**Your instructions:** What you produce should be every line from the data that includes "obtains".

**Record excerpts:**
----
section \<open>Hoelder functions on the unit interval\<close>

lemma norm_diff_le_hoelder_semi:
  assumes "hoelder_on a S g" "x \<in> S" "y \<in> S"
  shows "norm (g x - g y) \<le> hoelder_semi a S g * \<bar>x - y\<bar> powr a"
proof (cases "x = y")
  case False
  obtain K where K: "\<forall>x\<in>S. \<forall>y\<in>S. norm (g x - g y) \<le> K * \<bar>x - y\<bar> powr a"
    using assms(1) unfolding hoelder_on_def by blast
  define Q where "Q = (\<lambda>p. norm (g (fst p) - g (snd p)) / \<bar>fst p - snd p\<bar> powr a)"
  have "bdd_above (Q ` {(x, y). x \<in> S \<and> y \<in> S \<and> x \<noteq> y})"
    using K by (intro bdd_aboveI2[where M = K]) (auto simp: Q_def divide_le_eq)
  then have "Q (x, y) \<le> hoelder_semi a S g"
    unfolding hoelder_semi_def Q_def[symmetric] using assms False by (intro cSUP_upper) auto
  then show ?thesis
    using False by (simp add: Q_def divide_le_eq)
qed simp

lemma hoelder_semi_nonneg:
  assumes "hoelder_on a S g" "x \<in> S" "y \<in> S" "x \<noteq> y"
  shows "0 \<le> hoelder_semi a S g"
proof -
  have "0 \<le> hoelder_semi a S g * \<bar>x - y\<bar> powr a"
    using norm_diff_le_hoelder_semi[OF assms(1-3)] norm_ge_zero order_trans by blast
  moreover have "0 < \<bar>x - y\<bar> powr a"
    using assms(4) by simp
  ultimately show ?thesis
    by (simp add: zero_le_mult_iff)
qed

lemma hoelder_on_imp_uniformly_continuous_on:
  assumes "0 < a" "hoelder_on a S g"
  shows "uniformly_continuous_on S g"
  unfolding uniformly_continuous_on_def
proof (intro allI impI)
  fix e :: real
  assume "0 < e"
  obtain K where K: "\<forall>x\<in>S. \<forall>y\<in>S. norm (g x - g y) \<le> K * \<bar>x - y\<bar> powr a"
    using assms(2) unfolding hoelder_on_def by blast
  define K' where "K' = max K 0 + 1"
  have K': "0 < K'" "K \<le> K'"
    by (auto simp: K'_def)
  define d where "d = (e / K') powr (1 / a)"
  have "0 < d" "d powr a = e / K'"
    using \<open>0 < e\<close> K' assms(1) by (simp_all add: d_def powr_powr)
  show "\<exists>d>0. \<forall>x\<in>S. \<forall>x'\<in>S. dist x' x < d \<longrightarrow> dist (g x') (g x) < e"
  proof (intro exI conjI ballI impI)
    fix x x'
    assume "x \<in> S" "x' \<in> S" "dist x' x < d"
    then have "\<bar>x' - x\<bar> powr a < d powr a"
      using assms(1) by (intro powr_less_mono2) (auto simp: dist_real_def)
    then have "\<bar>x' - x\<bar> powr a < e / K'"
      using \<open>d powr a = e / K'\<close> by simp
    have "norm (g x' - g x) \<le> K' * \<bar>x' - x\<bar> powr a"
      using K \<open>x \<in> S\<close> \<open>x' \<in> S\<close> K'(2) by (meson mult_right_mono order_trans powr_ge_zero)
    also have "\<dots> < e"
      using \<open>\<bar>x' - x\<bar> powr a < e / K'\<close> K'(1) by (simp add: field_simps)
    finally show "dist (g x') (g x) < e"
      by (simp add: dist_norm)
  qed (fact \<open>0 < d\<close>)
qed

lemma closure_DeltaI [simp]: "closure DeltaI = {0..1}"
  by (simp add: DeltaI_def)

lemma convex_DeltaI: "convex DeltaI"
  by (simp add: DeltaI_def)

lemma DeltaI_subset_unit_interval: "DeltaI \<subseteq> {0..1}"
  by (auto simp: DeltaI_def)

lemma continuous_le_on_unit_interval:
  fixes u v :: "real \<Rightarrow> real"
  assumes "continuous_on {0..1} u" "continuous_on {0..1} v"
    and "\<And>x. x \<in> DeltaI \<Longrightarrow> u x \<le> v x" and "t \<in> {0..1}"
  shows "u t \<le> v t"
proof -
  have "0 \<le> v t - u t"
    by (rule continuous_ge_on_closure[of DeltaI "\<lambda>x. v x - u x"])
      (use assms in \<open>auto intro: continuous_intros\<close>)
  then show ?thesis
    by simp
qed

lemma continuous_extension_from_DeltaI:
  fixes g :: "real \<Rightarrow> real"
  assumes "uniformly_continuous_on DeltaI g"
  obtains gb where "continuous_on {0..1} gb" "\<And>x. x \<in> DeltaI \<Longrightarrow> gb x = g x"
proof -
  obtain gb where gb: "uniformly_continuous_on {0..1} gb" "\<And>x. x \<in> DeltaI \<Longrightarrow> g x = gb x"
    using uniformly_continuous_on_extension_on_closure[OF assms] closure_DeltaI by metis
  show ?thesis
    by (rule that[of gb]) (use gb uniformly_continuous_imp_continuous in auto)
qed

section \<open>Sup norm and local Hoelder seminorm\<close>

(* For G = Hn n this is the quantity propagated through the iterates of the transfer operator. *)
definition branchwise_hoelder :: "real \<Rightarrow> (real \<Rightarrow> real) set \<Rightarrow> real \<Rightarrow> (real \<Rightarrow> complex) \<Rightarrow> bool" where
  "branchwise_hoelder a G c \<phi> \<longleftrightarrow>
     (\<forall>g\<in>G. \<forall>x\<in>DeltaI. \<forall>y\<in>DeltaI. norm (\<phi> (g x) - \<phi> (g y)) \<le> c * \<bar>x - y\<bar> powr a)"

lemma branchwise_hoelder_mono:
  "branchwise_hoelder a G c \<phi> \<Longrightarrow> c \<le> c' \<Longrightarrow> branchwise_hoelder a G c' \<phi>"
  unfolding branchwise_hoelder_def by (meson mult_right_mono order_trans powr_ge_zero)

lemma branchwise_hoelder_loc_semi:
  assumes "bdd_above (loc_quots a G \<psi>)"
  shows "branchwise_hoelder a G (loc_semi a G \<psi>) \<psi>"
  unfolding branchwise_hoelder_def
proof (intro ballI)
  fix g x y
  assume g: "g \<in> G" and x: "x \<in> DeltaI" and y: "y \<in> DeltaI"
  show "norm (\<psi> (g x) - \<psi> (g y)) \<le> loc_semi a G \<psi> * \<bar>x - y\<bar> powr a"
  proof (cases "x = y")
    case False
    then have "norm (\<psi> (g x) - \<psi> (g y)) / \<bar>x - y\<bar> powr a \<in> loc_quots a G \<psi>"
      unfolding loc_quots_def using g x y by blast
    then have "norm (\<psi> (g x) - \<psi> (g y)) / \<bar>x - y\<bar> powr a \<le> loc_semi a G \<psi>"
      unfolding loc_semi_def using assms by (rule cSup_upper)
    with False show ?thesis
      by (simp add: divide_le_eq)
  qed simp
qed

lemma loc_quots_nonempty:
  assumes "G \<noteq> {}"
  shows "loc_quots a G \<psi> \<noteq> {}"
proof -
  obtain g where "g \<in> G"
    using assms by blast
  then have "norm (\<psi> (g (1/4)) - \<psi> (g (3/4))) / \<bar>1/4 - 3/4\<bar> powr a \<in> loc_quots a G \<psi>"
    unfolding loc_quots_def
    by (intro CollectI exI[of _ g] exI[of _ "1/4"] exI[of _ "3/4"]) (simp add: DeltaI_def)
  then show ?thesis
    by blast
qed

lemma loc_semi_nonneg:
  assumes "G \<noteq> {}" "bdd_above (loc_quots a G \<psi>)"
  shows "0 \<le> loc_semi a G \<psi>"
proof -
  obtain q where "q \<in> loc_quots a G \<psi>"
    using loc_quots_nonempty[OF assms(1)] by blast
  moreover have "0 \<le> q"
    using \<open>q \<in> loc_quots a G \<psi>\<close> by (auto simp: loc_quots_def)
  ultimately show ?thesis
    unfolding loc_semi_def using assms(2) by (meson cSup_upper order_trans)
qed

lemma loc_semi_le_of_branchwise_hoelder:
  assumes "G \<noteq> {}" "branchwise_hoelder a G c \<psi>"
  shows "bdd_above (loc_quots a G \<psi>)" "loc_semi a G \<psi> \<le> c"
proof -
  have le: "q \<le> c" if "q \<in> loc_quots a G \<psi>" for q
    using that assms(2)
    by (auto simp: loc_quots_def branchwise_hoelder_def divide_le_eq)
  then show "bdd_above (loc_quots a G \<psi>)"
    by (auto simp: bdd_above_def)
  show "loc_semi a G \<psi> \<le> c"
    unfolding loc_semi_def using loc_quots_nonempty[OF assms(1)] le by (rule cSup_least)
qed

lemma norm_le_sup_norm: "bounded (\<psi> ` DeltaI) \<Longrightarrow> x \<in> DeltaI \<Longrightarrow> norm (\<psi> x) \<le> sup_norm \<psi>"
  unfolding sup_norm_def by (rule cSUP_upper) (auto simp: bounded_iff bdd_above_def)

lemma sup_norm_nonneg: "bounded (\<psi> ` DeltaI) \<Longrightarrow> 0 \<le> sup_norm \<psi>"
  using norm_le_sup_norm[of \<psi> "1/2"] by (simp add: DeltaI_def order_trans[OF norm_ge_zero])

lemma sup_norm_le: "(\<And>x. x \<in> DeltaI \<Longrightarrow> norm (\<psi> x) \<le> M) \<Longrightarrow> sup_norm \<psi> \<le> M"
  unfolding sup_norm_def by (rule cSUP_least) (auto simp: DeltaI_def)

section \<open>Partitions of the unit interval modulo null sets\<close>

lemma mod0_partition_memE:
  assumes "mod0_partition P" "A \<in> P"
  obtains a b where "0 \<le> a" "a < b" "b \<le> 1" "A = {a<..<b}"
proof -
  have "is_open_interval A" "A \<subseteq> {0..1}"
    using assms unfolding mod0_partition_def by blast+
  then obtain a b where ab: "a < b" "A = {a<..<b}" "A \<subseteq> {0..1}"
    unfolding is_open_interval_def by blast
  then have "0 \<le> a" "b \<le> 1"
    using greaterThanLessThan_subseteq_atLeastAtMost_iff[of a b 0 1] by simp_all
  with ab that show ?thesis
    by blast
qed

lemma interval_eq_DeltaI_of_null_complement:
  assumes "0 \<le> a" "a < b" "b \<le> 1" "{0..1} - {a<..<b} \<in> null_sets lebesgue"
  shows "{a<..<b} = DeltaI"
proof -
  have not_negl: "\<not> negligible {c<..<d}" if "c < d" for c d :: real
    using negligible_interval(2)[of c d] that by simp
  have negl: "negligible ({0..1} - {a<..<b})"
    using assms(4) by (simp add: negligible_iff_null_sets)
  have "a = 0"
  proof (rule ccontr)
    assume "a \<noteq> 0"
    then have "{0<..<a} \<subseteq> {0..1} - {a<..<b}" "0 < a"
      using assms(1-3) by auto
    then show False
      using negligible_subset[OF negl] not_negl by blast
  qed
  moreover have "b = 1"
  proof (rule ccontr)
    assume "b \<noteq> 1"
    then have "{b<..<1} \<subseteq> {0..1} - {a<..<b}" "b < 1"
      using assms(1-3) by auto
    then show False
      using negligible_subset[OF negl] not_negl by blast
  qed
  ultimately show ?thesis
    by (simp add: DeltaI_def)
qed

lemma mod0_partition_nonempty:
  assumes "mod0_partition P"
  shows "P \<noteq> {}"
proof
  assume "P = {}"
  then have "negligible (cbox 0 (1::real))"
    using assms by (simp add: mod0_partition_def negligible_iff_null_sets)
  then show False
    using negligible_interval(1)[of 0 "1::real"] by (simp add: box_real)
qed

lemma mod0_partition_disjoint:
  "mod0_partition P \<Longrightarrow> A \<in> P \<Longrightarrow> B \<in> P \<Longrightarrow> A \<noteq> B \<Longrightarrow> A \<inter> B = {}"
  unfolding mod0_partition_def by blast

lemma mod0_partition_common_endpoint:
  assumes part: "mod0_partition P" and t: "t = 0 \<or> t = 1"
    and common: "\<And>A. A \<in> P \<Longrightarrow> t \<in> closure A"
  shows "P = {DeltaI}"
proof -
  have meet: "A \<inter> B \<noteq> {}" if A: "A \<in> P" and B: "B \<in> P" for A B
  proof -
    obtain a b where ab: "0 \<le> a" "a < b" "b \<le> 1" "A = {a<..<b}"
      using part A by (rule mod0_partition_memE)
    obtain c d where cd: "0 \<le> c" "c < d" "d \<le> 1" "B = {c<..<d}"
      using part B by (rule mod0_partition_memE)
    have "t \<in> {a..b}" "t \<in> {c..d}"
      using common[OF A] common[OF B] ab cd by auto
    then have "(if t = 0 then min b d / 2 else (max a c + 1) / 2) \<in> A \<inter> B"
      using t ab cd by (auto simp: min_def max_def)
    then show ?thesis
      by blast
  qed
  obtain A0 where A0: "A0 \<in> P"
    using mod0_partition_nonempty[OF part] by blast
  have P: "P = {A0}"
    using A0 meet mod0_partition_disjoint[OF part] by blast
  obtain a b where ab: "0 \<le> a" "a < b" "b \<le> 1" "A0 = {a<..<b}"
    using part A0 by (rule mod0_partition_memE)
  have "{0..1} - {a<..<b} \<in> null_sets lebesgue"
    using part unfolding mod0_partition_def P ab(4) by simp
  then have "A0 = DeltaI"
    using interval_eq_DeltaI_of_null_complement[OF ab(1-3)] ab(4) by simp
  then show ?thesis
    using P by simp
qed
----
**Answer box:**
  obtains gb where "continuous_on {0..1} gb" "\<And>x. x \<in> DeltaI \<Longrightarrow> gb x = g x"
  obtains a b where "0 \<le> a" "a < b" "b \<le> 1" "A = {a<..<b}"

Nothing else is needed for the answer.